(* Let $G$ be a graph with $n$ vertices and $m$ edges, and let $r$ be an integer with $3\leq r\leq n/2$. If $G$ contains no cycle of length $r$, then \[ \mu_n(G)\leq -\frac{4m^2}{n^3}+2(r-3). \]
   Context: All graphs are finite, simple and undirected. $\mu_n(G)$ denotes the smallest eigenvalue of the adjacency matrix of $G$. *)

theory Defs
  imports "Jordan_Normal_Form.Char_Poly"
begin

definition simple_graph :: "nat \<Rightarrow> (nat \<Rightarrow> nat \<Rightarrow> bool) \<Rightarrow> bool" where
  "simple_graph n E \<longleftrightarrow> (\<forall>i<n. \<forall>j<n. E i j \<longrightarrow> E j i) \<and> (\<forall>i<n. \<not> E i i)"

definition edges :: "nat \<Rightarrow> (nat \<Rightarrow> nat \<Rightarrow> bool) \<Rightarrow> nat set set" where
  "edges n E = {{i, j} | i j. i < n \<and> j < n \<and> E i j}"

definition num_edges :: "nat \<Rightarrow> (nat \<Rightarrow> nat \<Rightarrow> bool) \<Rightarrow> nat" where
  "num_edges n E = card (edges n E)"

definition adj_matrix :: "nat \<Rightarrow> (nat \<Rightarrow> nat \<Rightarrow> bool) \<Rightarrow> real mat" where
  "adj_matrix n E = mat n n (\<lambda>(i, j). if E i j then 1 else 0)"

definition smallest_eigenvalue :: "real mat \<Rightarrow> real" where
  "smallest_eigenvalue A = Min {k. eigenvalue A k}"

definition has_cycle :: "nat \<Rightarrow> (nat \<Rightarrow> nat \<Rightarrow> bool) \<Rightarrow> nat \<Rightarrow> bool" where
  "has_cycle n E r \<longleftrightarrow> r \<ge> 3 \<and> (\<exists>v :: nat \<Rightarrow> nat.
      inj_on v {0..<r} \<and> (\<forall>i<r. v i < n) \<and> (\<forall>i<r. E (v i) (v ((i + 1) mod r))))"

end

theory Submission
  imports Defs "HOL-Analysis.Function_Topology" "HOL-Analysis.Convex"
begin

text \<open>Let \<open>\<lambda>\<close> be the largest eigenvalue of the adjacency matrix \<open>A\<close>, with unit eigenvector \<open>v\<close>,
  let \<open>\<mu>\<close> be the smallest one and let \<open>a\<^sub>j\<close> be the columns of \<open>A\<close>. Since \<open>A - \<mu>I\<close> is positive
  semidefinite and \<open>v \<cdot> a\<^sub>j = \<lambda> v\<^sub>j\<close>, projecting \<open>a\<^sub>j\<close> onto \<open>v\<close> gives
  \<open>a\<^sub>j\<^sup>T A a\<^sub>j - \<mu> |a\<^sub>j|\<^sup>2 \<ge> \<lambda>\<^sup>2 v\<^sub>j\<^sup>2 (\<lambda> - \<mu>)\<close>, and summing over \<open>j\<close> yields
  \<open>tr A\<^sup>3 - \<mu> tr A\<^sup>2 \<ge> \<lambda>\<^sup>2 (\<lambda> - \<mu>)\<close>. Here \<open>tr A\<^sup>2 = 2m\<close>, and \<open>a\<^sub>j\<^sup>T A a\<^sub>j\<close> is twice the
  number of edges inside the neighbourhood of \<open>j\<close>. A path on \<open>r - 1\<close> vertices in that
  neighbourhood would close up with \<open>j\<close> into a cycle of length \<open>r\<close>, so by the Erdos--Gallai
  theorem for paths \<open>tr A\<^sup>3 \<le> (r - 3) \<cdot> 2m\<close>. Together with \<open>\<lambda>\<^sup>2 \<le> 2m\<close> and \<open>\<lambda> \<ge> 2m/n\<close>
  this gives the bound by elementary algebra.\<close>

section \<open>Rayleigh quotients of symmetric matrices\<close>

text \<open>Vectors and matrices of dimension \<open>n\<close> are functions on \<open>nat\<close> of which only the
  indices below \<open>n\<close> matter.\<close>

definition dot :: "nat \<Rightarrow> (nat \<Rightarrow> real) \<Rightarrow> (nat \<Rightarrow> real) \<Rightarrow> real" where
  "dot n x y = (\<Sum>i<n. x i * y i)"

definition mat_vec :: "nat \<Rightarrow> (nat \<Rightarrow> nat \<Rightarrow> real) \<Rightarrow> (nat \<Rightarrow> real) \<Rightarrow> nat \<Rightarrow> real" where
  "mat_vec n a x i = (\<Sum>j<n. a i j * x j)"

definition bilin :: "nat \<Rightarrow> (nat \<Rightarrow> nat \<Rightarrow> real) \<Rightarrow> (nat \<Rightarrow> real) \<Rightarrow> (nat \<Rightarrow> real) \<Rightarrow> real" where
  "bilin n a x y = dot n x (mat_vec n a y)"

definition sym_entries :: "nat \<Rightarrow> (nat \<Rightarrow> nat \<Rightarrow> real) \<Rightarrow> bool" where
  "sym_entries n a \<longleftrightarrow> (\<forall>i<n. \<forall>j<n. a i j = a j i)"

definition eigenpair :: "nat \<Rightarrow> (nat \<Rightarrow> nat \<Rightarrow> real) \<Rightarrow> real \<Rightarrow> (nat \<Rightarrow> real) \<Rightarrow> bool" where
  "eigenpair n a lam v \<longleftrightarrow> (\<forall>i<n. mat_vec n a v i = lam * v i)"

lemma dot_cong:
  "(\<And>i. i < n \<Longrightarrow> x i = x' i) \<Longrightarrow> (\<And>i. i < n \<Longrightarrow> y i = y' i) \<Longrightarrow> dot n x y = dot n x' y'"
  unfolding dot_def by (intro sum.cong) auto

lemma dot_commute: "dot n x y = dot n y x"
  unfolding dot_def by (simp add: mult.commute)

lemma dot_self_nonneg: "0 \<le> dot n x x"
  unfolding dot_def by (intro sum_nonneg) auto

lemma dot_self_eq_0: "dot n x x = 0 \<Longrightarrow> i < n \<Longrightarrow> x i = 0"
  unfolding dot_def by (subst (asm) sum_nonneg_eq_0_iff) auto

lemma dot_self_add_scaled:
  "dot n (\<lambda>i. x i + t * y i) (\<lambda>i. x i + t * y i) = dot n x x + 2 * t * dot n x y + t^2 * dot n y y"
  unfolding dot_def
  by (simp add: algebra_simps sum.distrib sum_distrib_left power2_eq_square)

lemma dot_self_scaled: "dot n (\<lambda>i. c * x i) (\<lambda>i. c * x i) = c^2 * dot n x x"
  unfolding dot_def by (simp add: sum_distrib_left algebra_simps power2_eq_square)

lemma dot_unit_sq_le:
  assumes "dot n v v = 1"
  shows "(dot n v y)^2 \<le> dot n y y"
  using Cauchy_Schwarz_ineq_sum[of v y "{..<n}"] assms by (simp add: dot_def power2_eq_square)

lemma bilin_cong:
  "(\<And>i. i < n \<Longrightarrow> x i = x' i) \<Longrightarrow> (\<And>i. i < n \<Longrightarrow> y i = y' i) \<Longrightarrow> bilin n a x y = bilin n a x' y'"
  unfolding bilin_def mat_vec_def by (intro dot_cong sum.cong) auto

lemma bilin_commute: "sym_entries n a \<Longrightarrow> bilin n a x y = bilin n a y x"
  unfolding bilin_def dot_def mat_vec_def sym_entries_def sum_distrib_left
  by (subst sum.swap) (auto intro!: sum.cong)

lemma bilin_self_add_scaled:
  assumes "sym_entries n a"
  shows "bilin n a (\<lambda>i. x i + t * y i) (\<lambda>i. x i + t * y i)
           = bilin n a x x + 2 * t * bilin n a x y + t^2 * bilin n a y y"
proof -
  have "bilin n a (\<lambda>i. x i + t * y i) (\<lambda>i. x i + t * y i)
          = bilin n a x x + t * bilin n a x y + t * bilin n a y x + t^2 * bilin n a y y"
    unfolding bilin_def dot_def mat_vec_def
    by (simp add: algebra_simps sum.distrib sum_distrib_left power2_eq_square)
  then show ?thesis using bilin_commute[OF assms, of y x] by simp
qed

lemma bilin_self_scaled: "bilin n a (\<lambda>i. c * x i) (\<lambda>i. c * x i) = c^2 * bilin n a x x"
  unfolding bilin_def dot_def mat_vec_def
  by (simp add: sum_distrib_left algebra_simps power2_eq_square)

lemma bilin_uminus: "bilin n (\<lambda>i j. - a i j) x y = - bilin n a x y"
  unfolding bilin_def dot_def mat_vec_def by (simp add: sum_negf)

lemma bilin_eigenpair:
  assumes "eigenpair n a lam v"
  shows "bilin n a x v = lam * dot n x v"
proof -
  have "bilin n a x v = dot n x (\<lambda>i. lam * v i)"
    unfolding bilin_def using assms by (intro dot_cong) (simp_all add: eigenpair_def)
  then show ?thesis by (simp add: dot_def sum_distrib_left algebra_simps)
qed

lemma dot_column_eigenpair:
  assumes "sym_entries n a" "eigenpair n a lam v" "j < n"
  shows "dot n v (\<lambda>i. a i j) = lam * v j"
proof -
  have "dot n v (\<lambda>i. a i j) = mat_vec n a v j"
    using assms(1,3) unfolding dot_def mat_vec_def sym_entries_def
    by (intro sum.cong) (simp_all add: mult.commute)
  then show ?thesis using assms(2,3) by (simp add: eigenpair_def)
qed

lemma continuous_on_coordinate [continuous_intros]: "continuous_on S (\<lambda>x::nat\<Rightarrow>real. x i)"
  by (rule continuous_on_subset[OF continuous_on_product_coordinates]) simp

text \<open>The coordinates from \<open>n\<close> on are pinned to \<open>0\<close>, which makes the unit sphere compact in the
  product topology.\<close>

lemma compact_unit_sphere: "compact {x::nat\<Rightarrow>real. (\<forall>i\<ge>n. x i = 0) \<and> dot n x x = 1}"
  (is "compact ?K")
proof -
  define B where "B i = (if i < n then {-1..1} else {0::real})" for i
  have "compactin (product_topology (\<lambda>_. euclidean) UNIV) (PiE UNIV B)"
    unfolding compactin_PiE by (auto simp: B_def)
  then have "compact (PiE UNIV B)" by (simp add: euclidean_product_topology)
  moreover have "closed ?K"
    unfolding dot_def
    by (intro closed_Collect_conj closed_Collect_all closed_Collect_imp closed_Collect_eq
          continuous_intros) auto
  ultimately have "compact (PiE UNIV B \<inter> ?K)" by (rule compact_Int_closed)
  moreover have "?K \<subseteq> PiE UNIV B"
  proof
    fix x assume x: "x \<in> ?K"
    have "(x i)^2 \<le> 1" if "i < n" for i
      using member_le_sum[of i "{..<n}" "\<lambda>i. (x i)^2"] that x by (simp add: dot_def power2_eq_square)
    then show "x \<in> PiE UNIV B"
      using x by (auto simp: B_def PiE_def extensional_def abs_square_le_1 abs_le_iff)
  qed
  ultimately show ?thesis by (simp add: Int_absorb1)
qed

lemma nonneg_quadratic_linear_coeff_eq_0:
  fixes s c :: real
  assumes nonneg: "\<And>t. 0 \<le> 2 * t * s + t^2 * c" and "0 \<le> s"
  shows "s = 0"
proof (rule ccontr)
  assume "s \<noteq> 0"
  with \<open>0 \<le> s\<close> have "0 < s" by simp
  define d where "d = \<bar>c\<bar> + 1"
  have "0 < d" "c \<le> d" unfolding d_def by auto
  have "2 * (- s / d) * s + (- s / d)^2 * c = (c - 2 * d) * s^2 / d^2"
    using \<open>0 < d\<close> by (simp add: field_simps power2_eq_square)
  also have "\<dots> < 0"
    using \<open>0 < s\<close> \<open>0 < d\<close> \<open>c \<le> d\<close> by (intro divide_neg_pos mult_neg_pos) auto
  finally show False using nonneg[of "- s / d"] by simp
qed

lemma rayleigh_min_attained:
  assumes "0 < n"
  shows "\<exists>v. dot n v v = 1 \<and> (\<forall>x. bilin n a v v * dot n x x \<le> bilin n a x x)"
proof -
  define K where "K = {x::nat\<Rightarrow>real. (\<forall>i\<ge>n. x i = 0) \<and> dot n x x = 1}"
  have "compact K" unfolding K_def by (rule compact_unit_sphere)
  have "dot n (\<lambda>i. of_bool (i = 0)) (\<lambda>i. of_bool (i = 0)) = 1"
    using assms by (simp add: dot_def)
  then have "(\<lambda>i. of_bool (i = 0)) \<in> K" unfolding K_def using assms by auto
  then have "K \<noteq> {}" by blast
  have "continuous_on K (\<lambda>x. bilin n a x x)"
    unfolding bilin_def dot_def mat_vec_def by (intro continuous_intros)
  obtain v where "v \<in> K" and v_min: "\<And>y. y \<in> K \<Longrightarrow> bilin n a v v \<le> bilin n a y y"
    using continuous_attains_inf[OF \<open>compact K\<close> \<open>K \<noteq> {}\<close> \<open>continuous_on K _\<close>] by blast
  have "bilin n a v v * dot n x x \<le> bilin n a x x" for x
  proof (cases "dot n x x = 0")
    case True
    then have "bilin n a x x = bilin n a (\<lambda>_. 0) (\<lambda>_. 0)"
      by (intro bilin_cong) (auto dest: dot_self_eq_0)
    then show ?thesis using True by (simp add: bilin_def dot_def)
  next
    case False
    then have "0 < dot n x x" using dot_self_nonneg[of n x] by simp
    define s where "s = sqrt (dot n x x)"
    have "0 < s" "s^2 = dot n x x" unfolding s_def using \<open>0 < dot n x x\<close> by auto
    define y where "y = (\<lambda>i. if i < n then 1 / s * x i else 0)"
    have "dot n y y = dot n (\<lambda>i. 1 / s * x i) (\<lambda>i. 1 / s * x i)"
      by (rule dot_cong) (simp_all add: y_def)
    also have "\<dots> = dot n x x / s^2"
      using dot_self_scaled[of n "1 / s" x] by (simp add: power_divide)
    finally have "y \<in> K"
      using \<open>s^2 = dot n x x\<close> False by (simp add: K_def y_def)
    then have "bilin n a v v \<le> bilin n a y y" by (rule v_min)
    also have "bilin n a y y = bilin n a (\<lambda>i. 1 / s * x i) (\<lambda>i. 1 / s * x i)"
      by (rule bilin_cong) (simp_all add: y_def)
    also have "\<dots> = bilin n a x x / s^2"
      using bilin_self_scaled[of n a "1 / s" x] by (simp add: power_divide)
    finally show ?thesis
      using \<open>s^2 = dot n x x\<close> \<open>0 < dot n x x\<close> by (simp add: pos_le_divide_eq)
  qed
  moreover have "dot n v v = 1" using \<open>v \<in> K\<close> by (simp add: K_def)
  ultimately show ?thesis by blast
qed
____________
Exercise description
Only the lines above starting at the line that holds "x\<close> by auto" and ending at the line that holds "bilin n a x x /" are to be repeated, exactly and in full.

Expected output
    have "0 < s" "s^2 = dot n x x" unfolding s_def using \<open>0 < dot n x x\<close> by auto
    define y where "y = (\<lambda>i. if i < n then 1 / s * x i else 0)"
    have "dot n y y = dot n (\<lambda>i. 1 / s * x i) (\<lambda>i. 1 / s * x i)"
      by (rule dot_cong) (simp_all add: y_def)
    also have "\<dots> = dot n x x / s^2"
      using dot_self_scaled[of n "1 / s" x] by (simp add: power_divide)
    finally have "y \<in> K"
      using \<open>s^2 = dot n x x\<close> False by (simp add: K_def y_def)
    then have "bilin n a v v \<le> bilin n a y y" by (rule v_min)
    also have "bilin n a y y = bilin n a (\<lambda>i. 1 / s * x i) (\<lambda>i. 1 / s * x i)"
      by (rule bilin_cong) (simp_all add: y_def)
    also have "\<dots> = bilin n a x x / s^2"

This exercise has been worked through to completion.